--- Information supplied Enclosed Below ---

(* Let $\mathbbm k_{\mathrm{loc}}:=\mathbb Z[z^{\pm1}]\big[\tfrac1{1-z^i}:i\in\mathbb Z\setminus\{0\}\big]$. The K-theoretic residue map $\rho_{\mathsf K}\colon\mathbbm k_{\mathrm{loc}}\to\mathbb Z$ (the $z^0$-coefficient of $f_+-f_-$, where $f_+$, $f_-$ are the Laurent expansions of $f$ at $z=0$ and $z=\infty$) vanishes on $\mathbb Z[z^{\pm1}]$ and satisfies, for all integers $n\ge1$, $k\ge0$ and $0\le a<n$, $$\rho\Big(\frac{z^{nk+a}}{(1-z^n)^{k+1}}\Big)=\begin{cases}1&k=a=0,\\0&\text{otherwise}.\end{cases}$$ Moreover, $\rho_{\mathsf K}$ is the unique $\mathbb Z$-linear map $\rho\colon\mathbbm k_{\mathrm{loc}}\to\mathbb Z$ which vanishes on $\mathbb Z[z^{\pm1}]$ and satisfies these identities.
   Context: These identities arise as the normalization condition $\rho(e(z\otimes\mathcal L)^{-1})=1$ (with $e=\wedge^\bullet_{-1}$) for line bundles $\mathcal L$ on weighted projective spaces $\mathbb P(n,\dots,n)$; a residue map in this sense is what governs the passage from the vertex algebra to the Lie algebra. For $f\in\mathbbm k_{\mathrm{loc}}$ the expansions $f_+\in\mathbb Z(\!(z)\!)$ and $f_-\in\mathbb Z(\!(z^{-1})\!)$ are the usual Laurent expansions of the rational function $f$. *)

theory Defs
  imports "HOL-Computational_Algebra.Fraction_Field"
          "HOL-Computational_Algebra.Formal_Laurent_Series"
begin

type_synonym ratfun = "int poly fract"

definition zvar :: ratfun where
  "zvar = Fraction_Field.Fract [:0, 1:] 1"

inductive_set kloc :: "ratfun set" where
  const: "of_int c \<in> kloc"
| zv: "zvar \<in> kloc"
| zinv: "inverse zvar \<in> kloc"
| loc: "i \<noteq> 0 \<Longrightarrow> inverse (1 - zvar powi i) \<in> kloc"
| add: "f \<in> kloc \<Longrightarrow> g \<in> kloc \<Longrightarrow> f + g \<in> kloc"
| mult: "f \<in> kloc \<Longrightarrow> g \<in> kloc \<Longrightarrow> f * g \<in> kloc"

definition laurent_polys :: "ratfun set" where
  "laurent_polys = {Fraction_Field.Fract p 1 * zvar powi m | p m. True}"

definition poly_to_fls :: "int poly \<Rightarrow> rat fls" where
  "poly_to_fls p = fps_to_fls (fps_of_poly (map_poly of_int p))"

definition expand0 :: "ratfun \<Rightarrow> rat fls" where
  "expand0 f = (THE L. \<exists>p q. q \<noteq> 0 \<and> f = Fraction_Field.Fract p q \<and> L = poly_to_fls p / poly_to_fls q)"

definition eval_in_ratfun :: "int poly \<Rightarrow> ratfun \<Rightarrow> ratfun" where
  "eval_in_ratfun p x = poly (map_poly (\<lambda>c. Fraction_Field.Fract [:c:] 1) p) x"

definition subst_inv :: "ratfun \<Rightarrow> ratfun" where
  "subst_inv f = (THE g. \<exists>p q. q \<noteq> 0 \<and> f = Fraction_Field.Fract p q \<and>
      g = eval_in_ratfun p (inverse zvar) / eval_in_ratfun q (inverse zvar))"

text \<open>The z^0 coefficient of f_+ is coefficient 0 of expand0 f; the expansion f_- at
  infinity is the expansion of f(1/w) at w = 0 with w = z^{-1}, so its z^0 coefficient
  is coefficient 0 of expand0 (subst_inv f).\<close>
definition rhoK :: "ratfun \<Rightarrow> rat" where
  "rhoK f = fls_nth (expand0 f) 0 - fls_nth (expand0 (subst_inv f)) 0"

end

theory Submission
  imports Defs
begin

(* Both Laurent expansions are ring homomorphisms: each extends an injective ring map on Z[z] to
   the fraction field (expansion in Q((z)), resp. substitution z := 1/z). Hence rhoK is additive
   and Z-linear. It kills every monomial z^m, whose expansions at 0 and at infinity have the same
   constant term, so it kills Laurent polynomials. The expansion of z^(nk+a)/(1 - z^n)^(k+1) at 0
   has constant term 1 exactly when k = a = 0, while at infinity it becomes
   z^(n-a)/(z^n - 1)^(k+1), which vanishes at 0 since a < n.

   Integrality and uniqueness follow once k_loc is the Z-span of the Laurent polynomials and these
   basic fractions. Every element of k_loc becomes a Laurent polynomial after multiplication by
   some (1 - z^N)^m, and since z^e - z^e' is divisible by 1 - z^N whenever N divides e - e',
   peeling off one basic fraction lowers the exponent of the denominator by one. *)

section \<open>Laurent expansions at zero and at infinity\<close>

lemma map_poly_of_int_add:
  "map_poly (of_int :: int \<Rightarrow> 'a::ring_1) (p + q) = map_poly of_int p + map_poly of_int q"
  by (rule poly_eqI) (simp add: coeff_map_poly)

lemma map_poly_of_int_mult:
  "map_poly (of_int :: int \<Rightarrow> 'a::comm_ring_1) (p * q) = map_poly of_int p * map_poly of_int q"
  by (induct p) (simp_all add: map_poly_pCons map_poly_of_int_add map_poly_smult)

definition fract_extend :: "('a::idom \<Rightarrow> 'b::field) \<Rightarrow> 'a fract \<Rightarrow> 'b" where
  "fract_extend h x = (THE y. \<exists>p q. q \<noteq> 0 \<and> x = Fraction_Field.Fract p q \<and> y = h p / h q)"

locale inj_idom_hom_to_field =
  fixes h :: "'a::idom \<Rightarrow> 'b::field"
  assumes add: "h (p + q) = h p + h q"
    and mult: "h (p * q) = h p * h q"
    and one: "h 1 = 1"
    and eq_0_iff: "h p = 0 \<longleftrightarrow> p = 0"
begin

lemma extend_Fract:
  assumes "q \<noteq> 0"
  shows "fract_extend h (Fraction_Field.Fract p q) = h p / h q"
  unfolding fract_extend_def
proof (rule the_equality)
  show "\<exists>p' q'. q' \<noteq> 0 \<and> Fraction_Field.Fract p q = Fraction_Field.Fract p' q' \<and> h p / h q = h p' / h q'"
    using assms by blast
next
  fix y
  assume "\<exists>p' q'. q' \<noteq> 0 \<and> Fraction_Field.Fract p q = Fraction_Field.Fract p' q' \<and> y = h p' / h q'"
  then obtain p' q' where q': "q' \<noteq> 0" and eq: "Fraction_Field.Fract p q = Fraction_Field.Fract p' q'"
    and y: "y = h p' / h q'" by blast
  from eq have "h p * h q' = h p' * h q"
    using assms q' by (simp add: eq_fract flip: mult)
  then show "y = h p / h q"
    using assms q' y by (simp add: eq_0_iff frac_eq_eq)
qed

--- End of Enclosed Information supplied ---

_Work request_. Scan the records above for the string "becomes", and copy every line where it turns up.

_Response for this exercise_.
   has constant term 1 exactly when k = a = 0, while at infinity it becomes
   basic fractions. Every element of k_loc becomes a Laurent polynomial after multiplication by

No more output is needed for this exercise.